### [How to complete this task]
Provide only the number of lines below in which the string "functions" occurs.

····················

(* For all $\eta\in\{0,1\}^{\mathbb Z}$, all $n\ge1$, all $y_1\le y_2\le\dots\le y_{2n}$ in $\mathbb Z$ and all $t\ge0$, \[ \mathbf E_\eta[\Sigma_y(\eta_t)]=\mathrm{Pf}\big(K^{(2n)}(t,y)\big), \] where $K^{(2n)}(t,y)$ is the antisymmetric $2n\times2n$ matrix with entries $K_t(y_i,y_j)$ for $i<j$, and $K_t(y,z)=\mathbf E_\eta[\sigma_{y,z}(\eta_t)]$ for $y\le z$.
   Context: Fix $\theta\in[0,1]$ and uniformly bounded nonnegative rates $(p_x,q_x)_{x\in\mathbb Z}$. $(\eta_t)$ is the Markov process on $\{0,1\}^{\mathbb Z}$ in which particles perform independent nearest-neighbour random walks, jumping $x\to x-1$ at rate $q_x$ and $x-1\to x$ at rate $p_x$, and when a particle jumps onto an occupied site the two particles annihilate with probability $\theta$ and coalesce into one with probability $1-\theta$ (generator $\mathcal LF(\eta)=\sum_xq_x(\theta F(\eta^a_{x,x-1})+(1-\theta)F(\eta^c_{x,x-1})-F(\eta))+\sum_xp_x(\theta F(\eta^a_{x-1,x})+(1-\theta)F(\eta^c_{x-1,x})-F(\eta))$, where $\eta^a_{x,y},\eta^c_{x,y}$ agree with $\eta$ off $\{x,y\}$, vanish at $x$, and have value $(\eta(x)+\eta(y))\bmod2$, resp. $\min\{1,\eta(x)+\eta(y)\}$, at $y$). $\mathbf E_\eta$ is expectation from initial condition $\eta$. For $y\le z$, $\eta[y,z)=\sum_{y\le x<z}\eta(x)$, $\sigma_{y,z}(\eta)=(-\theta)^{\eta[y,z)}$ with $0^0=1$, and $\Sigma_y(\eta)=\prod_{i=1}^n\sigma_{y_{2i-1},y_{2i}}(\eta)$. $\mathrm{Pf}(A)=\frac{1}{2^nn!}\sum_{\pi\in S_{2n}}\mathrm{sgn}(\pi)\prod_{i=1}^na_{\pi(2i-1)\pi(2i)}$. *)

theory Defs
  imports "HOL-Analysis.Analysis" "HOL-Combinatorics.Permutations"
begin

text \<open>Configurations in {0,1}^Z: eta x = True means site x is occupied.
  The product topology on int => bool comes from HOL-Analysis (Function_Topology).\<close>

type_synonym config = "int \<Rightarrow> bool"

definition eta_a :: "config \<Rightarrow> int \<Rightarrow> int \<Rightarrow> config" where
  "eta_a \<eta> x y = (\<eta>(x := False))(y := (\<eta> x \<noteq> \<eta> y))"

definition eta_c :: "config \<Rightarrow> int \<Rightarrow> int \<Rightarrow> config" where
  "eta_c \<eta> x y = (\<eta>(x := False))(y := (\<eta> x \<or> \<eta> y))"

text \<open>The generator L applied to F (meaningful for local F, where the sum has finite support).\<close>
definition gen :: "real \<Rightarrow> (int \<Rightarrow> real) \<Rightarrow> (int \<Rightarrow> real) \<Rightarrow> (config \<Rightarrow> real) \<Rightarrow> config \<Rightarrow> real" where
  "gen \<theta> p q F \<eta> =
     (\<Sum>\<^sub>\<infinity>x\<in>(UNIV::int set).
        q x * (\<theta> * F (eta_a \<eta> x (x - 1)) + (1 - \<theta>) * F (eta_c \<eta> x (x - 1)) - F \<eta>)
      + p x * (\<theta> * F (eta_a \<eta> (x - 1) x) + (1 - \<theta>) * F (eta_c \<eta> (x - 1) x) - F \<eta>))"

definition local_fun :: "(config \<Rightarrow> real) \<Rightarrow> bool" where
  "local_fun F \<longleftrightarrow> (\<exists>A. finite A \<and> (\<forall>\<eta> \<xi>. (\<forall>x\<in>A. \<eta> x = \<xi> x) \<longrightarrow> F \<eta> = F \<xi>))"

text \<open>S is the (Feller) Markov semigroup of the process with generator L:
  S t F \<eta> = E_\<eta>[F(\<eta>_t)] for continuous F. The conditions below say that S is a
  strongly continuous positive conservative (Markov) semigroup on C({0,1}^Z) whose
  generator extends L on local functions; since the local functions form a core for the
  closure of L (bounded rates, nearest-neighbour), this determines S uniquely.\<close>
definition markov_semigroup_gen ::
  "real \<Rightarrow> (int \<Rightarrow> real) \<Rightarrow> (int \<Rightarrow> real) \<Rightarrow> (real \<Rightarrow> (config \<Rightarrow> real) \<Rightarrow> config \<Rightarrow> real) \<Rightarrow> bool" where
  "markov_semigroup_gen \<theta> p q S \<longleftrightarrow>
     (\<forall>t\<ge>0. \<forall>F. continuous_on UNIV F \<longrightarrow> continuous_on UNIV (S t F)) \<and>
     (\<forall>F. continuous_on UNIV F \<longrightarrow> S 0 F = F) \<and>
     (\<forall>s\<ge>0. \<forall>t\<ge>0. \<forall>F. continuous_on UNIV F \<longrightarrow> S (s + t) F = S s (S t F)) \<and>
     (\<forall>t\<ge>0. \<forall>F G a b. continuous_on UNIV F \<longrightarrow> continuous_on UNIV G \<longrightarrow>
         S t (\<lambda>\<eta>. a * F \<eta> + b * G \<eta>) = (\<lambda>\<eta>. a * S t F \<eta> + b * S t G \<eta>)) \<and>
     (\<forall>t\<ge>0. \<forall>F. continuous_on UNIV F \<longrightarrow> (\<forall>\<eta>. F \<eta> \<ge> 0) \<longrightarrow> (\<forall>\<eta>. S t F \<eta> \<ge> 0)) \<and>
     (\<forall>t\<ge>0. S t (\<lambda>_. 1) = (\<lambda>_. 1)) \<and>
     (\<forall>F. continuous_on UNIV F \<longrightarrow>
         (\<forall>\<epsilon>>0. \<exists>\<delta>>0. \<forall>t. 0 < t \<and> t < \<delta> \<longrightarrow> (\<forall>\<eta>. \<bar>S t F \<eta> - F \<eta>\<bar> < \<epsilon>))) \<and>
     (\<forall>F. local_fun F \<longrightarrow>
         (\<forall>\<epsilon>>0. \<exists>\<delta>>0. \<forall>t. 0 < t \<and> t < \<delta> \<longrightarrow>
            (\<forall>\<eta>. \<bar>(S t F \<eta> - F \<eta>) / t - gen \<theta> p q F \<eta>\<bar> < \<epsilon>)))"

text \<open>eta[y,z) and sigma_{y,z}(eta) = (-theta)^{eta[y,z)} (with 0^0 = 1).\<close>
definition count_int :: "config \<Rightarrow> int \<Rightarrow> int \<Rightarrow> nat" where
  "count_int \<eta> y z = card {x. y \<le> x \<and> x < z \<and> \<eta> x}"

definition sigma :: "real \<Rightarrow> int \<Rightarrow> int \<Rightarrow> config \<Rightarrow> real" where
  "sigma \<theta> y z \<eta> = (- \<theta>) ^ count_int \<eta> y z"

text \<open>Sigma_y(eta) = prod_{i=1}^n sigma_{y_{2i-1},y_{2i}}(eta); indices shifted to 0..2n-1.\<close>
definition Sigma_prod :: "real \<Rightarrow> nat \<Rightarrow> (nat \<Rightarrow> int) \<Rightarrow> config \<Rightarrow> real" where
  "Sigma_prod \<theta> n y \<eta> = (\<Prod>i<n. sigma \<theta> (y (2 * i)) (y (2 * i + 1)) \<eta>)"

definition pfaffian :: "nat \<Rightarrow> (nat \<Rightarrow> nat \<Rightarrow> real) \<Rightarrow> real" where
  "pfaffian n A = (1 / (2 ^ n * fact n)) *
     (\<Sum>\<pi> | \<pi> permutes {0..<2 * n}. of_int (sign \<pi>) * (\<Prod>i<n. A (\<pi> (2 * i)) (\<pi> (2 * i + 1))))"

end

theory Submission
  imports Defs
begin

text \<open>
  Both sides of the identity, as functions of \<open>t\<close> and of the sorted endpoint vector \<open>y\<close>, solve
  the same backward equation: for strictly increasing \<open>y\<close> the generator acts on \<open>\<Sigma>\<^sub>y\<close> by moving a
  single endpoint \<open>y\<^sub>k\<close> to \<open>y\<^sub>k + 1\<close> at rate \<open>q(y\<^sub>k)\<close> or to \<open>y\<^sub>k - 1\<close> at rate \<open>p(y\<^sub>k)\<close>, because
  annihilation and coalescence have the same average effect on \<open>(-\<theta>)\<^bsup>\<eta>[y,z)\<^esup>\<close>.  Each entry
  \<open>K\<^sub>t(y\<^sub>i, y\<^sub>j)\<close> is the case \<open>n = 1\<close>, and the Pfaffian is multilinear in row-column pairs, so
  the Pfaffian solves the same equation.  Where two endpoints coincide both sides drop to the
  case \<open>n - 1\<close> (an empty interval, resp. two equal rows with \<open>K\<^sub>t(y, y) = 1\<close>), which is the
  induction hypothesis; at \<open>t = 0\<close> the identity is an elementary Pfaffian computation.
  Finally, bounded solutions of the backward equation with bounded rates are determined by
  their initial and boundary values.
\<close>

section \<open>Pfaffians\<close>

definition pfaffian_term :: "nat \<Rightarrow> (nat \<Rightarrow> nat \<Rightarrow> real) \<Rightarrow> (nat \<Rightarrow> nat) \<Rightarrow> real" where
  "pfaffian_term n A \<pi> = of_int (sign \<pi>) * (\<Prod>i<n. A (\<pi> (2 * i)) (\<pi> (2 * i + 1)))"

definition pfaffian_sum :: "nat \<Rightarrow> (nat \<Rightarrow> nat \<Rightarrow> real) \<Rightarrow> real" where
  "pfaffian_sum n A = (\<Sum>\<pi> | \<pi> permutes {0..<2 * n}. pfaffian_term n A \<pi>)"

lemma pfaffian_eq_pfaffian_sum: "pfaffian n A = pfaffian_sum n A / (2 ^ n * fact n)"
  by (simp add: pfaffian_def pfaffian_sum_def pfaffian_term_def)

lemma pfaffian_0 [simp]: "pfaffian 0 A = 1"
proof -
  have "{\<pi>. \<pi> permutes ({} :: nat set)} = {id}"
    by (auto simp: permutes_empty)
  then show ?thesis
    by (simp add: pfaffian_def)
qed

lemma pfaffian_term_compose:
  assumes "\<rho> permutes {0..<2 * n}" "\<pi> permutes {0..<2 * n}"
  shows "pfaffian_term n A (\<rho> \<circ> \<pi>) = of_int (sign \<rho>) * pfaffian_term n (\<lambda>i j. A (\<rho> i) (\<rho> j)) \<pi>"
proof -
  have "sign (\<rho> \<circ> \<pi>) = sign \<rho> * sign \<pi>"
    using assms by (simp add: sign_compose permutes_imp_permutation[OF finite_atLeastLessThan])
  then show ?thesis
    by (simp add: pfaffian_term_def)
qed

lemma pfaffian_sum_permute:
  assumes \<rho>: "\<rho> permutes {0..<2 * n}"
  shows "pfaffian_sum n (\<lambda>i j. A (\<rho> i) (\<rho> j)) = of_int (sign \<rho>) * pfaffian_sum n A"
proof -
  have "pfaffian_sum n A = (\<Sum>\<pi> | \<pi> permutes {0..<2 * n}. pfaffian_term n A (\<rho> \<circ> \<pi>))"
    unfolding pfaffian_sum_def
    by (rule sum.reindex_bij_witness[where i = "(\<circ>) \<rho>" and j = "(\<circ>) (inv \<rho>)"])
       (use \<rho> in \<open>auto simp: o_assoc permutes_inv_o permutes_compose permutes_inv\<close>)
  also have "\<dots> = of_int (sign \<rho>) * pfaffian_sum n (\<lambda>i j. A (\<rho> i) (\<rho> j))"
    by (simp add: pfaffian_sum_def pfaffian_term_compose[OF \<rho>] sum_distrib_left)
  finally show ?thesis
    by (simp flip: of_int_mult add: mult.assoc)
qed

lemma sum_eq_0_by_involution:
  fixes f :: "'a \<Rightarrow> real"
  assumes "\<And>x. x \<in> X \<Longrightarrow> g x \<in> X" "\<And>x. x \<in> X \<Longrightarrow> g (g x) = x"
    and "\<And>x. x \<in> X \<Longrightarrow> f (g x) = - f x"
  shows "sum f X = 0"
proof -
  have "sum f X = sum (\<lambda>x. - f x) X"
    by (rule sum.reindex_bij_witness[where i = g and j = g]) (use assms in auto)
  then show ?thesis
    by (simp add: sum_negf)
qed

definition perms_pairing :: "nat \<Rightarrow> nat \<Rightarrow> nat \<Rightarrow> nat \<Rightarrow> (nat \<Rightarrow> nat) set" where
  "perms_pairing n i a b = {\<pi>. \<pi> permutes {0..<2 * n} \<and> \<pi> (2 * i) = a \<and> \<pi> (2 * i + 1) = b}"

lemma transpose_01_entry:
  fixes A :: "nat \<Rightarrow> nat \<Rightarrow> 'a"
  assumes rows: "\<And>a. 2 \<le> a \<Longrightarrow> a < N \<Longrightarrow> A 0 a = A 1 a \<and> A a 0 = A a 1"
    and "a < N" "b < N" "a \<noteq> b" "\<not> (a = 0 \<and> b = 1)" "\<not> (a = 1 \<and> b = 0)"
  shows "A (Transposition.transpose 0 1 a) (Transposition.transpose 0 1 b) = A a b"
proof -
  consider "2 \<le> a" "2 \<le> b" | "a \<in> {0, 1}" "2 \<le> b" | "2 \<le> a" "b \<in> {0, 1}"
    using assms(4-6) by fastforce
  then show ?thesis
    by cases (use assms(2,3) rows[of a] rows[of b] in \<open>auto simp: Transposition.transpose_def\<close>)
qed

····················

### [Answer to the problem]
2